(* Let $\mathcal{K}=\{1,\dots,K\}$ and $\mathcal{N}=\{1,\dots,N\}$, and let all constants be as described in the context. For each $k\in\mathcal{K}$ let $k'\in\arg\max_{n\in\mathcal{N}} g_{k,n}$. Consider problem (P1): maximize over $\{p_n\},\{p_{k,n}\},\{b_{k,n}\},\{x_k\},\{q_k\},\{w_k\}$ the ratio $$\frac{\sum_{n=1}^N \rho(B^n_{SC},p_n,g_n)+\sum_{k=1}^K\sum_{n=1}^N x_k\,\rho(b_{k,n},p_{k,n},g_{k,n})}{\sum_{n=1}^N \frac{p_n}{\xi}+\sum_{n=1}^N\sum_{k=1}^K x_k\frac{p_{k,n}}{\xi}+\sum_{k=1}^K x_k\frac{q_k}{\xi}+P_{\rm c}}$$ subject to C1: $\sum_{n} p_n+\sum_{n}\sum_{k} p_{k,n}+\sum_k q_k\le P^{SC}_{\max}$; C2: $\sum_{n} b_{k,n}+w_k\le x_k W^k_{MC}$ for all $k\in\mathcal{K}$; C3: $\rho(w_k,q_k,h_k)\ge x_k R^k_{MC}$ for all $k\in\mathcal{K}$; C4: $\sum_{n}\rho(B^n_{SC},p_n,g_n)+\sum_k\sum_n x_k\rho(b_{k,n},p_{k,n},g_{k,n})\ge R^{SC}_{\min}$; C5: $x_k\in\{0,1\}$ for all $k$; C6: $b_{k,n}\ge0$, $w_k\ge0$ for all $k,n$; C7: $p_n\ge0$, $p_{k,n}\ge0$, $q_k\ge0$ for all $k,n$. Consider problem (P2): maximize over $\{p_n\},\{p_{k,k'}\},\{b_{k,k'}\},\{x_k\},\{q_k\},\{w_k\}$ the ratio $$\frac{\sum_{n=1}^N \rho(B^n_{SC},p_n,g_n)+\sum_{k=1}^K x_k\,\rho(b_{k,k'},p_{k,k'},g_{k,k'})}{\sum_{n=1}^N \frac{p_n}{\xi}+\sum_{k=1}^K x_k\frac{p_{k,k'}}{\xi}+\sum_{k=1}^K x_k\frac{q_k}{\xi}+P_{\rm c}}$$ subject to C1: $\sum_n p_n+\sum_k p_{k,k'}+\sum_k q_k\le P^{SC}_{\max}$; C2: $b_{k,k'}+w_k= x_kW^k_{MC}$ for all $k$; C3: $\rho(w_k,q_k,h_k)= x_kR^k_{MC}$ for all $k$; C4: $\sum_n\rho(B^n_{SC},p_n,g_n)+\sum_k x_k\rho(b_{k,k'},p_{k,k'},g_{k,k'})\ge R^{SC}_{\min}$; together with $x_k\in\{0,1\}$, $b_{k,k'}\ge0$, $w_k\ge0$, $p_n\ge0$, $p_{k,k'}\ge0$, $q_k\ge0$. Then the optimal solution of (P1) is equivalent to that of (P2): the optimal values of (P1) and (P2) coincide, and an optimal solution of (P2), extended by setting $b_{k,n}=0$ and $p_{k,n}=0$ for all $n\neq k'$, is an optimal solution of (P1). In particular, at an optimum of (P1) the bandwidth $W^k_{MC}$ of each MU $k$ is shared with at most one SU, namely SU $k'$.
   Context: Setting: a small cell (SC) base station serves small-cell users (SUs) indexed by $\mathcal{N}=\{1,\dots,N\}$ and may additionally serve macro-cell users (MUs) indexed by $\mathcal{K}=\{1,\dots,K\}$. Given constants: noise spectral density $N_0>0$; power amplifier efficiency $\xi\in(0,1]$; circuit power $P_{\rm c}>0$; maximum transmit power $P^{SC}_{\max}>0$; minimum SC system rate $R^{SC}_{\min}\ge0$. For each MU $k$: licensed bandwidth $W^k_{MC}>0$, minimum rate $R^k_{MC}>0$, channel power gain $h_k>0$ from the SC to MU $k$, and channel power gains $g_{k,n}>0$ from the SC to SU $n$ on MU $k$'s bandwidth. For each SU $n$: licensed bandwidth $B^n_{SC}>0$ and channel power gain $g_n>0$ on it. For $b\ge0$, $p\ge0$, $g>0$ define the rate $\rho(b,p,g)=b\log_2\!\big(1+\frac{pg}{bN_0}\big)$, with $\rho(0,p,g)=0$. Variables: $x_k$ indicates whether MU $k$ is served; $w_k,q_k$ are the bandwidth and power used to serve MU $k$; $b_{k,n},p_{k,n}$ are the bandwidth taken from MU $k$'s band and power used for SU $n$; $p_n$ is the power for SU $n$ on its own band. *)

theory Defs
  imports Complex_Main
begin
::::::
In your answer, repeat each of the records exactly.

> Written answer:
(* Let $\mathcal{K}=\{1,\dots,K\}$ and $\mathcal{N}=\{1,\dots,N\}$, and let all constants be as described in the context. For each $k\in\mathcal{K}$ let $k'\in\arg\max_{n\in\mathcal{N}} g_{k,n}$. Consider problem (P1): maximize over $\{p_n\},\{p_{k,n}\},\{b_{k,n}\},\{x_k\},\{q_k\},\{w_k\}$ the ratio $$\frac{\sum_{n=1}^N \rho(B^n_{SC},p_n,g_n)+\sum_{k=1}^K\sum_{n=1}^N x_k\,\rho(b_{k,n},p_{k,n},g_{k,n})}{\sum_{n=1}^N \frac{p_n}{\xi}+\sum_{n=1}^N\sum_{k=1}^K x_k\frac{p_{k,n}}{\xi}+\sum_{k=1}^K x_k\frac{q_k}{\xi}+P_{\rm c}}$$ subject to C1: $\sum_{n} p_n+\sum_{n}\sum_{k} p_{k,n}+\sum_k q_k\le P^{SC}_{\max}$; C2: $\sum_{n} b_{k,n}+w_k\le x_k W^k_{MC}$ for all $k\in\mathcal{K}$; C3: $\rho(w_k,q_k,h_k)\ge x_k R^k_{MC}$ for all $k\in\mathcal{K}$; C4: $\sum_{n}\rho(B^n_{SC},p_n,g_n)+\sum_k\sum_n x_k\rho(b_{k,n},p_{k,n},g_{k,n})\ge R^{SC}_{\min}$; C5: $x_k\in\{0,1\}$ for all $k$; C6: $b_{k,n}\ge0$, $w_k\ge0$ for all $k,n$; C7: $p_n\ge0$, $p_{k,n}\ge0$, $q_k\ge0$ for all $k,n$. Consider problem (P2): maximize over $\{p_n\},\{p_{k,k'}\},\{b_{k,k'}\},\{x_k\},\{q_k\},\{w_k\}$ the ratio $$\frac{\sum_{n=1}^N \rho(B^n_{SC},p_n,g_n)+\sum_{k=1}^K x_k\,\rho(b_{k,k'},p_{k,k'},g_{k,k'})}{\sum_{n=1}^N \frac{p_n}{\xi}+\sum_{k=1}^K x_k\frac{p_{k,k'}}{\xi}+\sum_{k=1}^K x_k\frac{q_k}{\xi}+P_{\rm c}}$$ subject to C1: $\sum_n p_n+\sum_k p_{k,k'}+\sum_k q_k\le P^{SC}_{\max}$; C2: $b_{k,k'}+w_k= x_kW^k_{MC}$ for all $k$; C3: $\rho(w_k,q_k,h_k)= x_kR^k_{MC}$ for all $k$; C4: $\sum_n\rho(B^n_{SC},p_n,g_n)+\sum_k x_k\rho(b_{k,k'},p_{k,k'},g_{k,k'})\ge R^{SC}_{\min}$; together with $x_k\in\{0,1\}$, $b_{k,k'}\ge0$, $w_k\ge0$, $p_n\ge0$, $p_{k,k'}\ge0$, $q_k\ge0$. Then the optimal solution of (P1) is equivalent to that of (P2): the optimal values of (P1) and (P2) coincide, and an optimal solution of (P2), extended by setting $b_{k,n}=0$ and $p_{k,n}=0$ for all $n\neq k'$, is an optimal solution of (P1). In particular, at an optimum of (P1) the bandwidth $W^k_{MC}$ of each MU $k$ is shared with at most one SU, namely SU $k'$.
   Context: Setting: a small cell (SC) base station serves small-cell users (SUs) indexed by $\mathcal{N}=\{1,\dots,N\}$ and may additionally serve macro-cell users (MUs) indexed by $\mathcal{K}=\{1,\dots,K\}$. Given constants: noise spectral density $N_0>0$; power amplifier efficiency $\xi\in(0,1]$; circuit power $P_{\rm c}>0$; maximum transmit power $P^{SC}_{\max}>0$; minimum SC system rate $R^{SC}_{\min}\ge0$. For each MU $k$: licensed bandwidth $W^k_{MC}>0$, minimum rate $R^k_{MC}>0$, channel power gain $h_k>0$ from the SC to MU $k$, and channel power gains $g_{k,n}>0$ from the SC to SU $n$ on MU $k$'s bandwidth. For each SU $n$: licensed bandwidth $B^n_{SC}>0$ and channel power gain $g_n>0$ on it. For $b\ge0$, $p\ge0$, $g>0$ define the rate $\rho(b,p,g)=b\log_2\!\big(1+\frac{pg}{bN_0}\big)$, with $\rho(0,p,g)=0$. Variables: $x_k$ indicates whether MU $k$ is served; $w_k,q_k$ are the bandwidth and power used to serve MU $k$; $b_{k,n},p_{k,n}$ are the bandwidth taken from MU $k$'s band and power used for SU $n$; $p_n$ is the power for SU $n$ on its own band. *)

theory Defs
  imports Complex_Main
begin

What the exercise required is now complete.